Civet Engine Dev Diary #1

I didn’t manage to land a meaningful internship this summer of 2022 so I decided to work on a large project that I was always interested in, alongside the computer vision research project I was still a part of at Georgia Tech. I just called it Civet because it might end up being poop but hopefully someone (aside from me) finds it to be useful in some way. That being said, this is mostly going to be a learning experience for me.

I’ve decided to finally write this because the engine is now in a largely functional state. That is, it can load models from .obj files and display them correctly in the world space with the correct shading. So ideally, this series of writings will keep track of what gets implemented and current plans for the project.

Overview

The Civet Engine is a rendering engine, with both ray-tracing and real-time rendering features.

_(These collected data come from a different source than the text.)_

lemma orth_proj_zero: "orth_proj d (0\<^sub>m d d)"
proof -
  have "mat_adjoint (0\<^sub>m d d) = (0\<^sub>m d d :: complex mat)"
  proof (rule eq_matI)
    fix a b assume "a < dim_row (0\<^sub>m d d :: complex mat)" "b < dim_col (0\<^sub>m d d :: complex mat)"
    then show "mat_adjoint (0\<^sub>m d d) $$ (a, b) = (0\<^sub>m d d :: complex mat) $$ (a, b)"
      by (simp add: index_mat_adjoint[of _ d])
  qed (simp_all add: mat_adjoint_def)
  then show ?thesis
    unfolding orth_proj_def by simp
qed

lemma le_1_of_square_le_self:
  fixes x :: real
  assumes "x\<^sup>2 \<le> x"
  shows "x \<le> 1"
proof (rule ccontr)
  assume "\<not> x \<le> 1"
  then have "x * 1 < x * x" by (intro mult_strict_left_mono) auto
  then show False using assms by (simp add: power2_eq_square)
qed

text \<open>For P = P^2 = P^* the diagonal entry P(a,a) is the sum of the |P(a,c)|^2, hence at least
|P(a,a)|^2.\<close>
lemma orth_proj_diag_le_1:
  assumes P: "orth_proj d P" and a: "a < d"
  shows "Re (P $$ (a, a)) \<le> 1"
proof -
  have car: "P \<in> carrier_mat d d" and idem: "P * P = P" and herm: "mat_adjoint P = P"
    using P unfolding orth_proj_def by auto
  have "P $$ (a, a) = (\<Sum>c<d. P $$ (a, c) * P $$ (c, a))"
    using index_mult_mat_sum[OF car car a a] idem by simp
  also have "\<dots> = (\<Sum>c<d. complex_of_real ((cmod (P $$ (a, c)))\<^sup>2))"
  proof (rule sum.cong[OF refl])
    fix c assume "c \<in> {..<d}"
    then have "P $$ (c, a) = cnj (P $$ (a, c))"
      using index_mat_adjoint[OF car, of c a] herm a by simp
    then show "P $$ (a, c) * P $$ (c, a) = complex_of_real ((cmod (P $$ (a, c)))\<^sup>2)"
      using complex_norm_square[of "P $$ (a, c)"] by metis
  qed
  finally have diag: "Re (P $$ (a, a)) = (\<Sum>c<d. (cmod (P $$ (a, c)))\<^sup>2)"
    by simp
  have "(Re (P $$ (a, a)))\<^sup>2 \<le> (cmod (P $$ (a, a)))\<^sup>2"
    by (simp add: cmod_power2)
  also have "\<dots> \<le> Re (P $$ (a, a))"
    unfolding diag by (rule member_le_sum) (use a in auto)
  finally show ?thesis
    by (rule le_1_of_square_le_self)
qed
lemma Md_add_zero_mul_self: "Add a (Mul Zero a) \<approx> a"
proof -
  have "Add a (Mul Zero a) \<approx> Add (Mul a One) (Mul a Zero)"
    by (intro derivable.sym[OF Md_mul_one] Md_mul_comm Md_cong)
  also have "\<dots> \<approx> Mul a (Add One Zero)" by (rule derivable.sym[OF Md_distrib])
  also have "\<dots> \<approx> Mul a One" by (intro Md_add_zero Md_cong)
  also have "\<dots> \<approx> a" by (rule Md_mul_one)
  finally show ?thesis .
qed

lemma Md_zero_mul_add_self: "Add (Mul Zero a) (Mul Zero a) \<approx> Mul Zero a"
proof -
  have "Add (Mul Zero a) (Mul Zero a) \<approx> Add (Mul Zero a) (Mul Zero (Mul Zero a))"
    by (intro derivable.sym[OF Md_zero_mul_idem] Md_cong)
  also have "\<dots> \<approx> Mul Zero a" by (rule Md_add_zero_mul_self)
  finally show ?thesis .
qed

lemma Md_mul_zero_mul_left_commute: "Mul a (Mul Zero b) \<approx> Mul Zero (Mul a b)"
proof -
  have "Mul a (Mul Zero b) \<approx> Mul (Mul a Zero) b" by (rule derivable.sym[OF Md_mul_assoc])
  also have "\<dots> \<approx> Mul (Mul Zero a) b" by (intro Md_mul_comm Md_cong)
  also have "\<dots> \<approx> Mul Zero (Mul a b)" by (rule Md_mul_assoc)
  finally show ?thesis .
qed

lemma Md_zero_mul_mul_absorb: "Add (Mul Zero (Mul a b)) (Mul Zero a) \<approx> Mul Zero (Mul a b)"
proof -
  have "Add (Mul Zero (Mul a b)) (Mul Zero a) \<approx> Add (Mul a (Mul Zero b)) (Mul a Zero)"
    by (intro derivable.sym[OF Md_mul_zero_mul_left_commute] Md_mul_comm Md_cong)
  also have "\<dots> \<approx> Mul a (Add (Mul Zero b) Zero)" by (rule derivable.sym[OF Md_distrib])
  also have "\<dots> \<approx> Mul a (Mul Zero b)" by (intro Md_add_zero Md_cong)
  also have "\<dots> \<approx> Mul Zero (Mul a b)" by (rule Md_mul_zero_mul_left_commute)
  finally show ?thesis .
qed

lemma Md_zero_mul_mul_eq_add: "Mul Zero (Mul a b) \<approx> Mul Zero (Add a b)"
proof -
  let ?p = "Mul Zero (Mul a b)"
  have "Mul Zero (Add a b) \<approx> Mul Zero (Mul (Add a b) (Add a b))"
    by (rule derivable.sym[OF Md_zero_mul_square])
  also have "\<dots> \<approx> Mul Zero (Add (Mul (Add a b) a) (Mul (Add a b) b))" by (intro Md_distrib Md_cong)
  also have "\<dots> \<approx> Mul Zero (Add (Mul a (Add a b)) (Mul b (Add a b)))" by (intro Md_mul_comm Md_cong)
  also have "\<dots> \<approx> Mul Zero (Add (Add (Mul a a) (Mul a b)) (Add (Mul b a) (Mul b b)))"
    by (intro Md_distrib Md_cong)
  also have "\<dots> \<approx> Add (Mul Zero (Add (Mul a a) (Mul a b))) (Mul Zero (Add (Mul b a) (Mul b b)))"
    by (rule Md_distrib)
  also have "\<dots> \<approx> Add (Add (Mul Zero (Mul a a)) ?p) (Add (Mul Zero (Mul b a)) (Mul Zero (Mul b b)))"
    by (intro Md_distrib Md_cong)
  also have "\<dots> \<approx> Add (Add (Mul Zero a) ?p) (Add (Mul Zero (Mul b a)) (Mul Zero b))"
    by (intro Md_zero_mul_square Md_cong)
  also have "\<dots> \<approx> Add (Add ?p (Mul Zero a)) (Add (Mul Zero (Mul b a)) (Mul Zero b))"
    by (intro Md_add_comm Md_cong)
  also have "\<dots> \<approx> Add ?p (Mul Zero (Mul b a))"
    by (intro Md_zero_mul_mul_absorb Md_cong)
  also have "\<dots> \<approx> Add ?p ?p" by (intro Md_mul_comm Md_cong)
  also have "\<dots> \<approx> ?p" by (rule Md_zero_mul_add_self)
  finally show ?thesis by (rule derivable.sym)
qed
lemma ones_param_exists:
  assumes T: "sl2_tiling t" and E: "enough_ones t"
  shows "\<exists>x y. ones_param t x y"
proof -
  obtain f :: "int \<Rightarrow> int" where f: "strict_mono f" and range_f: "range f = ones_diagonals t"
    using strict_mono_int_enumeration[OF ones_diagonals_unbounded[OF E]] by blast
  have "\<forall>a. \<exists>p q. t p q = 1 \<and> q - p = f a"
  proof
    fix a
    have "f a \<in> ones_diagonals t" using range_f by blast
    then show "\<exists>p q. t p q = 1 \<and> q - p = f a" unfolding ones_diagonals_def by simp
  qed
  then obtain x where "\<forall>a. \<exists>q. t (x a) q = 1 \<and> q - x a = f a" by metis
  then obtain y where one: "\<And>a. t (x a) (y a) = 1" and diag: "\<And>a. y a - x a = f a" by metis
  have ones: "t p q = 1 \<longleftrightarrow> (\<exists>a. p = x a \<and> q = y a)" for p q
  proof
    assume "t p q = 1"
    then have "q - p \<in> range f" unfolding range_f ones_diagonals_def by blast
    then obtain a where "q - p = f a" by blast
    then have "p = x a \<and> q = y a"
      using sl2_tiling_ones_diagonal_eq[OF T \<open>t p q = 1\<close> one[of a]] diag[of a] by simp
    then show "\<exists>a. p = x a \<and> q = y a" by blast
  qed (use one in blast)
  have steps: "step_a x y a \<or> step_b x y a" for a
  proof -
    have "y a - x a < y (a + 1) - x (a + 1)" using diag f by (simp add: strict_mono_less)
    moreover have "\<not> (y a - x a < v - u \<and> v - u < y (a + 1) - x (a + 1))" if "t u v = 1" for u v
    proof -
      have "v - u \<in> range f" unfolding range_f ones_diagonals_def using that by blast
      then show ?thesis using strict_mono_range_step[OF f, of "v - u" a] diag by auto
    qed
    ultimately show ?thesis
      using sl2_tiling_ones_adjacent[OF T one one] unfolding step_a_def step_b_def by blast
  qed
  show ?thesis
    using ones steps enough_ones_lattice_path_switches[OF E ones steps] unfolding ones_param_def by blast
qed

theorem proposition8p2:
  fixes t :: "int \<Rightarrow> int \<Rightarrow> int"
  assumes "sl2_tiling t" and "enough_ones t"
  shows "\<exists>x y. ones_param t x y \<and>
           (\<forall>x' y'. ones_param t x' y' \<longrightarrow> (\<exists>k. \<forall>a. x' a = x (a+k) \<and> y' a = y (a+k)))"
  using ones_param_exists[OF assms] ones_param_unique[OF assms(1)] by blast

end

The ray-tracer is based on the PBRTv3 path-tracer with LuxCoreRender (also originally based on PBRT) as a reference as well. The main material import method will convert materials into Disney PBR. With that said, I don’t expect to be implementating everything presented in the PBRT book, and so will begin with what I consider to be the bare minimum to rendering a basic scene.

Meanwhile, the real-time renderer uses rasterization techniques with the aim to produce images that are as physically accurate as the ray-traced images. This would likely be based on Epic Games’ adaptation of Disney PBR for their Unreal Engine 4, which should reduce number of steps in the translation of the scene and materials between rasterization and ray-tracing. I expect to be writing the GLSL shaders for rendering the scene using both forward and deferred shading methods, both as learning material and as points of comparison.

Working with OpenGL

There was a bit of difficulty when implementing the vector math classes (vectors, matrices, transforms, etc.) and getting them to work with OpenGL. The decision to completely bypass GLM and use the same vector math classes for both the raytracer and OpenGL side seemed pretty sensible in the beginning, since it meant not needing to convert vectors constantly between GLM and our own implementations.

That is how I came to learn about the specifics in OpenGL. It uses a right-handed (RH) coordinate system and GLSL takes column-major matrices. This led to a lot of confusion when first trying to get a proper cube drawn on the screen. Now you’ll find that the 4x4 matrix class implementation is row-major, so when sending matrices as a uniform to the shader, we set the GLboolean transpose in glUniformMatrix4fv to GL_TRUE.

void glUniformMatrix4fv(GLint location,
                        GLsizei count,
                        GLboolean transpose,
                        const GLfloat *value);

Similarly, the lookAt function originally implemented (adapted from PBRT) was for a left-handed coordinate system. That had to be adapted to a RH coordinate system for OpenGL (so both variants of lookAt are now available). The thing to keep in mind now is in building the scene from OpenGL for ray-tracing, since following the PBRT implementation requires using the LH system.

I mentioned that the engine now is at minimum functional, being able to display a loaded model. Currently, that includes a simple shader that renders the model in shades of gray to show the contours of the mesh surface, similar to the default solid view in Blender.

The immediate item in development right now is a ambient/diffuse/specular shader that can handle both color and texture inputs, with support for up to 32 (maybe 64) light sources. This would be a simple forward shading process, just to test out the simple capabilities before transitioning to something that can handle theoretically an infinite amount of lights, like deferred shading or forward+ methods. Ideally, I’d also like to make it possible to use a PBR material with this shader as well, that can hopefully match the ray-tracing results.

CUDA support

As of now, CUDA support has been almost baked in to many of the math classes and ray-tracing classes. With that said, it is still not going to be utilized for rendering until I’ve fully implemented the CPU rendering side. I figured it would be easier to make the changes needed for CUDA later on, rather than including them right now and attempting to debug two compiled (and untested) processes simultaneously.

That means I expect the CUDA support to take quite a while, however, because much of the current project structure use C++ standard library objects that are not compatible with CUDA, including vector and smart pointers (unique_ptr and shared_ptr). With to my limited knowledge in writing CUDA programs, I will likely need to reference LuxCoreRender to implement this eventually, since that also supports GPU rendering.

Eventual GUI and other notes

I’d like to include a GUI eventually, especially to be able to load models dynamically and edit scenes and other properties before rendering. I’m looking at using ImGui since it’s supposed to be quite easy and quick to implement into such an application. Maybe a UI upgrade to using Qt, or even a custom OpenGL UI library, in the future but not for a long time. Right now though, it’s not a huge priority.

I think a big issue I have to mention is in compiling assimp. For whatever reason that CLion refuses to show, the resource .rc file always fails to build on Windows. So I’ve had to comment out all the contents of that file. Hopefully that doesn’t cause any issues in the future.